# ABOUT THIS EXERCISE:
Where a line of the data below has the string "kappa", copy that line.

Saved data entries
lemma emeasure_ball_le_lborel_cball:
  fixes \<nu> :: "'a::euclidean_space measure"
  assumes "finite_measure \<nu>" "measure \<nu> (ball y s) \<le> t * s ^ DIM('a)" "0 \<le> s" "0 \<le> t" "c > 0"
  shows "emeasure \<nu> (ball y s)
           \<le> ennreal (t * c ^ DIM('a) / unit_ball_vol DIM('a)) * emeasure lborel (cball y (s / c))"
proof -
  define \<kappa> where "\<kappa> = unit_ball_vol DIM('a)"
  have "\<kappa> > 0" unfolding \<kappa>_def by simp
  have "emeasure \<nu> (ball y s) \<le> ennreal (t * s ^ DIM('a))"
    using assms(2) by (simp add: finite_measure.emeasure_eq_measure[OF assms(1)] ennreal_leI)
  also have "t * s ^ DIM('a) = (t * c ^ DIM('a) / \<kappa>) * (\<kappa> * (s / c) ^ DIM('a))"
    using \<open>\<kappa> > 0\<close> \<open>c > 0\<close> by (simp add: power_divide)
  also have "ennreal \<dots> = ennreal (t * c ^ DIM('a) / \<kappa>) * ennreal (\<kappa> * (s / c) ^ DIM('a))"
    using assms(3-5) \<open>\<kappa> > 0\<close> by (intro ennreal_mult) auto
  also have "ennreal (\<kappa> * (s / c) ^ DIM('a)) = emeasure lborel (cball y (s / c))"
    using assms(3,5) unfolding \<kappa>_def by (subst emeasure_cball) auto
  finally show ?thesis unfolding \<kappa>_def .
qed

text \<open>Vitali covering: the balls \<open>ball y (s y)\<close> of small \<open>\<nu>\<close>-mass are covered by the
  fivefold enlargements of disjoint balls \<open>cball y (s y / 6)\<close>, whose total Lebesgue measure is
  at most that of \<open>cball 0 (R + 1)\<close>.\<close>
lemma zero_lower_density_points_small_cover:
  fixes \<nu> :: "'a::euclidean_space measure"
  assumes "finite_measure \<nu>" "sets \<nu> = sets borel" "R > 0" "t > 0"
  obtains G where "G \<in> sets borel" "zero_lower_density_points \<nu> \<inter> ball 0 R \<subseteq> G"
    "emeasure \<nu> G \<le> ennreal (t * 6 ^ DIM('a) * (R + 1) ^ DIM('a))"
proof -
  define K where "K = zero_lower_density_points \<nu> \<inter> ball 0 R"
  define c where "c = ennreal (t * 6 ^ DIM('a) / unit_ball_vol DIM('a))"
  have "\<forall>y\<in>K. \<exists>s. 0 < s \<and> s < 1 \<and> measure \<nu> (ball y s) < t * s ^ DIM('a)"
    using assms(4) unfolding K_def zero_lower_density_points_def by auto
  then obtain s where s: "\<And>y. y \<in> K \<Longrightarrow> 0 < s y \<and> s y < 1 \<and> measure \<nu> (ball y (s y)) < t * s y ^ DIM('a)"
    by metis
  have "K \<subseteq> (\<Union>y\<in>K. cball y (s y / 6))" "\<And>y. y \<in> K \<Longrightarrow> 0 < s y / 6 \<and> s y / 6 \<le> 1"
    using s by force+
  then obtain C where C: "countable C" "C \<subseteq> K"
    "pairwise (\<lambda>i j. disjnt (cball i (s i / 6)) (cball j (s j / 6))) C"
    "K \<subseteq> (\<Union>i\<in>C. cball i (5 * (s i / 6)))"
    by (rule Vitali_covering_lemma_cballs[where a="\<lambda>y. y"])
  define G where "G = (\<Union>i\<in>C. ball i (s i))"
  have "K \<subseteq> G"
  proof
    fix y assume "y \<in> K"
    then obtain i where "i \<in> C" "y \<in> cball i (5 * (s i / 6))" using C(4) by auto
    moreover have "5 * (s i / 6) < s i" using s[of i] \<open>i \<in> C\<close> C(2) by auto
    ultimately show "y \<in> G" unfolding G_def by force
  qed
  have "emeasure \<nu> G \<le> (\<integral>\<^sup>+i. emeasure \<nu> (ball i (s i)) \<partial>count_space C)"
    unfolding G_def using C(1) assms(2) by (intro emeasure_UN_countable_le) auto
  also have "\<dots> \<le> (\<integral>\<^sup>+i. c * emeasure lborel (cball i (s i / 6)) \<partial>count_space C)"
    unfolding c_def using s C(2) assms(1,4)
    by (intro nn_integral_mono emeasure_ball_le_lborel_cball) (auto intro: less_imp_le)
  also have "\<dots> = c * (\<integral>\<^sup>+i. emeasure lborel (cball i (s i / 6)) \<partial>count_space C)"
    by (rule nn_integral_cmult) auto
  also have "\<dots> \<le> c * emeasure lborel (cball (0::'a) (R + 1))"
  proof (intro mult_left_mono nn_integral_disjoint_cballs_le C(1,3))
    fix i assume "i \<in> C"
    then have "i \<in> K" using C(2) by auto
    then show "cball i (s i / 6) \<subseteq> cball 0 (R + 1)"
      using s[of i] unfolding K_def cball_subset_cball_iff by (auto simp: dist_norm)
  qed auto
  also have "\<dots> = ennreal (t * 6 ^ DIM('a) * (R + 1) ^ DIM('a))"
  proof -
    have "unit_ball_vol DIM('a) \<noteq> 0" using unit_ball_vol_pos[of "DIM('a)"] by linarith
    then show ?thesis unfolding c_def using assms(3,4) by (simp add: emeasure_cball flip: ennreal_mult)
  qed
  finally have "emeasure \<nu> G \<le> ennreal (t * 6 ^ DIM('a) * (R + 1) ^ DIM('a))" .
  moreover have "G \<in> sets borel" unfolding G_def by (intro borel_open open_UN) auto
  ultimately show ?thesis using that \<open>K \<subseteq> G\<close> unfolding K_def by blast
qed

# ANSWER SPACE:
  define \<kappa> where "\<kappa> = unit_ball_vol DIM('a)"
  have "\<kappa> > 0" unfolding \<kappa>_def by simp
  also have "t * s ^ DIM('a) = (t * c ^ DIM('a) / \<kappa>) * (\<kappa> * (s / c) ^ DIM('a))"
    using \<open>\<kappa> > 0\<close> \<open>c > 0\<close> by (simp add: power_divide)
  also have "ennreal \<dots> = ennreal (t * c ^ DIM('a) / \<kappa>) * ennreal (\<kappa> * (s / c) ^ DIM('a))"
    using assms(3-5) \<open>\<kappa> > 0\<close> by (intro ennreal_mult) auto
  also have "ennreal (\<kappa> * (s / c) ^ DIM('a)) = emeasure lborel (cball y (s / c))"
    using assms(3,5) unfolding \<kappa>_def by (subst emeasure_cball) auto
  finally show ?thesis unfolding \<kappa>_def .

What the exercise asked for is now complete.